# A New toy



## ThePlantGuy978 (Feb 22, 2014)

I found a new way to fasten the wire to the end posts using a quick end that only cost about $1.43 each. I used this new device to attach 14 wires to my newly expanded vineyard section. It took less that an hour to attach all 14 wires. I admit they were very short runs of only 25' but the device saved me a bunch of time. I have attached a picture of the device and a quick instruction sheet. The instruction sheet calls for a tension tool, I used a pair of vice grips which did the job.
Tell me what you think.

Hans

The Quik-End is used for terminations at end posts. Use this size for each 12½ gauge wire on your fence. 

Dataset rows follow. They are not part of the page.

definition avg_secrecy_capacity ::
  "real \<Rightarrow> real \<Rightarrow> real \<Rightarrow> real \<Rightarrow> real \<Rightarrow> real \<Rightarrow> real \<Rightarrow> real \<Rightarrow> real \<Rightarrow> real \<Rightarrow> real" where
  "avg_secrecy_capacity pB mB KB1 KB2 gB pE mE KE1 KE2 gE =
     (LBINT g:{0..}. ln (1 + g) * ars_pdf pB mB KB1 KB2 gB g * ars_cdf pE mE KE1 KE2 gE g)
   + (LBINT g:{0..}. ln (1 + g) * ars_pdf pE mE KE1 KE2 gE g * ars_cdf pB mB KB1 KB2 gB g)
   - (LBINT g:{0..}. ln (1 + g) * ars_pdf pE mE KE1 KE2 gE g)"

end

(*
  Write A(c) for the ergodic capacity E ln (1 + g) of a link whose SNR g has average c.
  The secrecy integral lies between A(c) - 2 E ln (1 + g_E) and A(c), so it suffices that
  A(c) / ln c tends to 1.  In the Rician shadowed density the average SNR only enters through
  the rate l = (1 + Kbar) / c of l (1 - b)^m exp (- l x) 1F1 (m; 1; b l x), b = K / (m + K),
  whose Laplace transform is explicit.  Hence the mean of the density is O(c) and its height
  on [0, c] is O(1/c), and the same holds for the two-state mixture.  The mean bound and
  ln (1 + g) <= ln (1 + c) + g / c give A(c) <= ln c + O(1); the height bound leaves mass at
  most O(1 / ln c) below c / ln c, which gives A(c) >= ln c - O(ln ln c).
*)
theory Submission
  imports Defs "HOL-Probability.Distributions" "HOL-Real_Asymp.Real_Asymp"
begin

definition kummer_term :: "real \<Rightarrow> real \<Rightarrow> nat \<Rightarrow> real" where
  "kummer_term m z n = pochhammer m n / (fact n * fact n) * z ^ n"

lemma hyp1F1_1_eq_suminf: "hyp1F1 m 1 z = (\<Sum>n. kummer_term m z n)"
  unfolding hyp1F1_def kummer_term_def by (simp add: pochhammer_fact[symmetric] field_simps)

To install the Quik-End, drill a 3⁄8" hole through the end post and pull the wire through. Then put the Quik-End on the wire and tap it lightly into the hole. If final tensioning is to be done with the Quik-end, pull the wire to the end post with a chain grab, then push the slack through the hole and Quik-End. For faster, easier tensioning, use the (TGTTP) Torque Tool. 


Item # CWV1213 
Weight 0.04 lbs 
http://www.kencove.com/fence/Quik-End_detail_CWV1213.php


----------



## bkisel (Feb 22, 2014)

So the idea behind this piece of hardware is to allow for tensioning the wire at an end post?


----------



## LoneStarLori (Feb 22, 2014)

If I'm reading that right, it has an internal clamp that automatically hold the cable in place once it's pulled through?


----------



## grapeman (Feb 22, 2014)

These are called wirevises and have been around for many years. They work alright for short runs but occasionally can pull through under heavy loads. They aren't intended to be used for tensioning.


----------



## BlackRain75 (Mar 21, 2014)

I think they would work great. They are made for fences. Prob work great with small cable, less stretch!


----------